WHAT TO PRODUCE -
Reproduce exactly, from the data that follows, the line with "text \<open>Exchanging a0", the line with "F(2)] by blast", and every line that lies between them.

[Dataset entries]
▼

definition interv_set :: "'s set \<Rightarrow> ('s \<Rightarrow> 'a \<Rightarrow> real) \<Rightarrow> ('s \<Rightarrow> 'a pmf) \<Rightarrow> real \<Rightarrow> ('s \<times> 'a) set" where
  "interv_set S_safe Qbar mu \<eta> =
     {(s, a). s \<in> S_safe \<and> Qbar s a - measure_pmf.expectation (mu s) (Qbar s) > \<eta>}"

definition partial_set :: "('s \<times> 'a) set \<Rightarrow> bool" where
  "partial_set X \<longleftrightarrow> (\<forall>(s, a) \<in> X. \<exists>a'. (s, a') \<notin> X)"

definition interv_prob :: "real \<Rightarrow> ('s \<times> 'a) set \<Rightarrow> 's pmf \<Rightarrow> ('s \<Rightarrow> 'a \<Rightarrow> 's pmf) \<Rightarrow> ('s \<Rightarrow> 'a pmf) \<Rightarrow> real" where
  "interv_prob \<gamma> I d0 P pol =
     (1 - \<gamma>) * (\<Sum>h. \<gamma> ^ h * measure_pmf.prob (traj d0 P pol h) {xs. \<exists>p \<in> set xs. p \<in> I})"

text \<open>Absorbing MDP: state space 's option, with None playing the role of s_dagger.\<close>
fun abs_P :: "('s \<Rightarrow> 'a \<Rightarrow> 's pmf) \<Rightarrow> ('s \<times> 'a) set \<Rightarrow> 's option \<Rightarrow> 'a \<Rightarrow> 's option pmf" where
  "abs_P P I None a = return_pmf None"
| "abs_P P I (Some s) a = (if (s, a) \<in> I then return_pmf None else map_pmf Some (P s a))"
text \<open>Exchanging a0 in F must bring in w, so the
  link of A' = A - {a0} + w is again a block complex on the same vertices; the blocks
  of both partitions are non-faces of K, so G also lies in the link of A'.\<close>
lemma cone_faces:
  fixes K :: "'a set set"
  assumes IH: "\<forall>L Gs :: 'a set set. admissible L Gs i m \<longrightarrow>
      (\<exists>Q. block_partition Q m i \<and> L = block_complex Q)"
    and K: "admissible K Fs i (Suc m)" and i: "0 < i"
    and F: "F \<in> Fs" "A \<subseteq> F" "card A = i" and w: "w \<notin> A" "insert w A \<notin> K"
    and Q: "link K A = block_complex Q" "\<Union>K = insert w A \<union> \<Union>Q" "insert w A \<inter> \<Union>Q = {}"
      "\<forall>C\<in>Q. C \<notin> K"
    and a0: "a0 \<in> A" and G: "G \<in> block_complex Q"
  shows "insert w (A - {a0}) \<union> G \<in> K"
proof -
  have dc: "down_closed K" and FsK: "Fs \<subseteq> K" and ps: "pseudocycle Fs"
    and dim: "\<forall>F\<in>K. finite F \<and> card F \<le> Suc m * i"
    using K by (auto simp: admissible_def)
  have "F \<in> K" using F(1) FsK by blast
  then have fA: "finite A" using dim finite_subset[OF F(2)] by blast
  have "a0 \<in> F" using a0 F(2) by blast
  then obtain w0 where w0: "w0 \<notin> F" "insert w0 (F - {a0}) \<in> Fs"
    using ps F(1) unfolding pseudocycle_def by blast
  have "w0 = w" using exchange_vertex_is_apex[OF K F Q(1,2,4) a0 w0(1)] w0(2) FsK by blast
  define A' where "A' = insert w (A - {a0})"
  have "card (A - {a0}) = i - 1" using card_Diff_singleton[OF a0] F(3) by simp
  then have F': "insert w0 (F - {a0}) \<in> Fs" "A' \<subseteq> insert w0 (F - {a0})" "card A' = i"
    using w0(2) \<open>w0 = w\<close> F(2) w(1) fA i by (auto simp: A'_def)
  have swap: "insert a0 A' = insert w A" using a0 by (auto simp: A'_def)
  have a0': "a0 \<in> \<Union>K" "a0 \<notin> A'" "insert a0 A' \<notin> K"
    using \<open>a0 \<in> F\<close> \<open>F \<in> K\<close> w a0 swap by (auto simp: A'_def)
  obtain Q' where Q': "block_partition Q' m i" "link K A' = block_complex Q'"
      "\<Union>K = insert a0 A' \<union> \<Union>Q'" "insert a0 A' \<inter> \<Union>Q' = {}" "\<forall>C\<in>Q'. C \<notin> K"
    by (rule link_decomposition[OF IH K i F' a0'])
  have "\<Union>Q' = \<Union>K - insert w A" using Q'(4) unfolding Q'(3) swap by blast
  also have "\<dots> = \<Union>Q" using Q(3) unfolding Q(2) by blast
  finally have "\<Union>Q' = \<Union>Q" .
  moreover have "G \<union> A \<in> K" using G Q(1) by (auto simp: link_def)
  then have "G \<in> K" using down_closedD[OF dc _ Un_upper1] by blast
  moreover have "G \<subseteq> \<Union>Q" using G by (auto simp: block_complex_def)
  ultimately have "G \<in> link K A'" using block_complexI[OF dc _ _ Q'(5)] Q'(2) by simp
  then show ?thesis by (simp add: link_def A'_def Un_commute)
qed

▲

OUTPUT -
text \<open>Exchanging a0 in F must bring in w, so the
  link of A' = A - {a0} + w is again a block complex on the same vertices; the blocks
  of both partitions are non-faces of K, so G also lies in the link of A'.\<close>
lemma cone_faces:
  fixes K :: "'a set set"
  assumes IH: "\<forall>L Gs :: 'a set set. admissible L Gs i m \<longrightarrow>
      (\<exists>Q. block_partition Q m i \<and> L = block_complex Q)"
    and K: "admissible K Fs i (Suc m)" and i: "0 < i"
    and F: "F \<in> Fs" "A \<subseteq> F" "card A = i" and w: "w \<notin> A" "insert w A \<notin> K"
    and Q: "link K A = block_complex Q" "\<Union>K = insert w A \<union> \<Union>Q" "insert w A \<inter> \<Union>Q = {}"
      "\<forall>C\<in>Q. C \<notin> K"
    and a0: "a0 \<in> A" and G: "G \<in> block_complex Q"
  shows "insert w (A - {a0}) \<union> G \<in> K"
proof -
  have dc: "down_closed K" and FsK: "Fs \<subseteq> K" and ps: "pseudocycle Fs"
    and dim: "\<forall>F\<in>K. finite F \<and> card F \<le> Suc m * i"
    using K by (auto simp: admissible_def)
  have "F \<in> K" using F(1) FsK by blast
  then have fA: "finite A" using dim finite_subset[OF F(2)] by blast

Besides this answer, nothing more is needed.